> [TASK PROMPT] Write out exactly what each line says, starting with the first line below and ending on the one with "x j w | x j.".

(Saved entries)
>>

lemma twisted_phi_module_span_modes_is_submodule:
  assumes T: "T > 0" and tw: "twisted_phi_module sV vac VY g T sW WY"
  shows "is_submodule sW WY (module.span sW {WY v j w | v j w. w \<in> U})"
proof -
  interpret W: vector_space sW using tw unfolding twisted_phi_module_def by auto
  define S where "S = {WY v j w | v j w. w \<in> U}"
  have "WY u m y \<in> W.span S" if "y \<in> S" for u m y
  proof -
    obtain v n w where "y = WY v n w" "w \<in> U" using \<open>y \<in> S\<close> by (auto simp: S_def)
    moreover have "W.span {WY x j w | x j. True} \<subseteq> W.span S"
      using \<open>w \<in> U\<close> by (intro W.span_mono) (auto simp: S_def)
    ultimately show ?thesis
      using twisted_phi_module_mode_mode_mem_span_modes[OF T tw] by blast
  qed
  then have closed: "WY u m ` W.span S \<subseteq> W.span S" for u m
    by (intro span_closed_under_hom twisted_phi_module_mode_hom[OF tw]) blast
  show ?thesis
    unfolding is_submodule_def S_def[symmetric]
  proof (intro conjI allI impI)
    fix v j w assume "w \<in> W.span S"
    then show "WY v j w \<in> W.span S" using closed[of v j] by auto
  qed (rule W.subspace_span)
qed

theorem proposition2p8:
  fixes sV :: "complex \<Rightarrow> 'v::ab_group_add \<Rightarrow> 'v" and vac :: 'v
    and VY :: "'v \<Rightarrow> int \<Rightarrow> 'v \<Rightarrow> 'v" and g :: "'v \<Rightarrow> 'v" and T :: nat
    and sW :: "complex \<Rightarrow> 'w::ab_group_add \<Rightarrow> 'w" and WY :: "'v \<Rightarrow> int \<Rightarrow> 'w \<Rightarrow> 'w"
    and U :: "'w set"
  assumes "vertex_algebra sV vac VY"
    and "va_automorphism sV vac VY g"
    and "T > 0" and "g ^^ T = id"
    and "twisted_phi_module sV vac VY g T sW WY"
  shows "generated_submodule sW WY U = module.span sW {WY v j w | v j w. w \<in> U}"
proof -
  note tw = assms(5)
  interpret W: vector_space sW using tw unfolding twisted_phi_module_def by auto
  define S where "S = {WY v j w | v j w. w \<in> U}"
  have "U \<subseteq> S"
  proof
    fix w assume "w \<in> U"
    moreover have "WY vac (- int T) w = w"
      using tw unfolding twisted_phi_module_def by simp
    ultimately show "w \<in> S" unfolding S_def by (metis (mono_tags, lifting) mem_Collect_eq)
  qed
  moreover have "W.span S \<subseteq> S'" if "is_submodule sW WY S'" "U \<subseteq> S'" for S'
    using that unfolding is_submodule_def S_def by (intro W.span_minimal) auto
  ultimately show ?thesis
    using twisted_phi_module_span_modes_is_submodule[OF assms(3) tw, of U] W.span_superset
    unfolding generated_submodule_def S_def by blast
qed

end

<<

> [OUTPUT BELOW]
lemma twisted_phi_module_span_modes_is_submodule:
  assumes T: "T > 0" and tw: "twisted_phi_module sV vac VY g T sW WY"
  shows "is_submodule sW WY (module.span sW {WY v j w | v j w. w \<in> U})"
proof -
  interpret W: vector_space sW using tw unfolding twisted_phi_module_def by auto
  define S where "S = {WY v j w | v j w. w \<in> U}"
  have "WY u m y \<in> W.span S" if "y \<in> S" for u m y
  proof -
    obtain v n w where "y = WY v n w" "w \<in> U" using \<open>y \<in> S\<close> by (auto simp: S_def)
    moreover have "W.span {WY x j w | x j. True} \<subseteq> W.span S"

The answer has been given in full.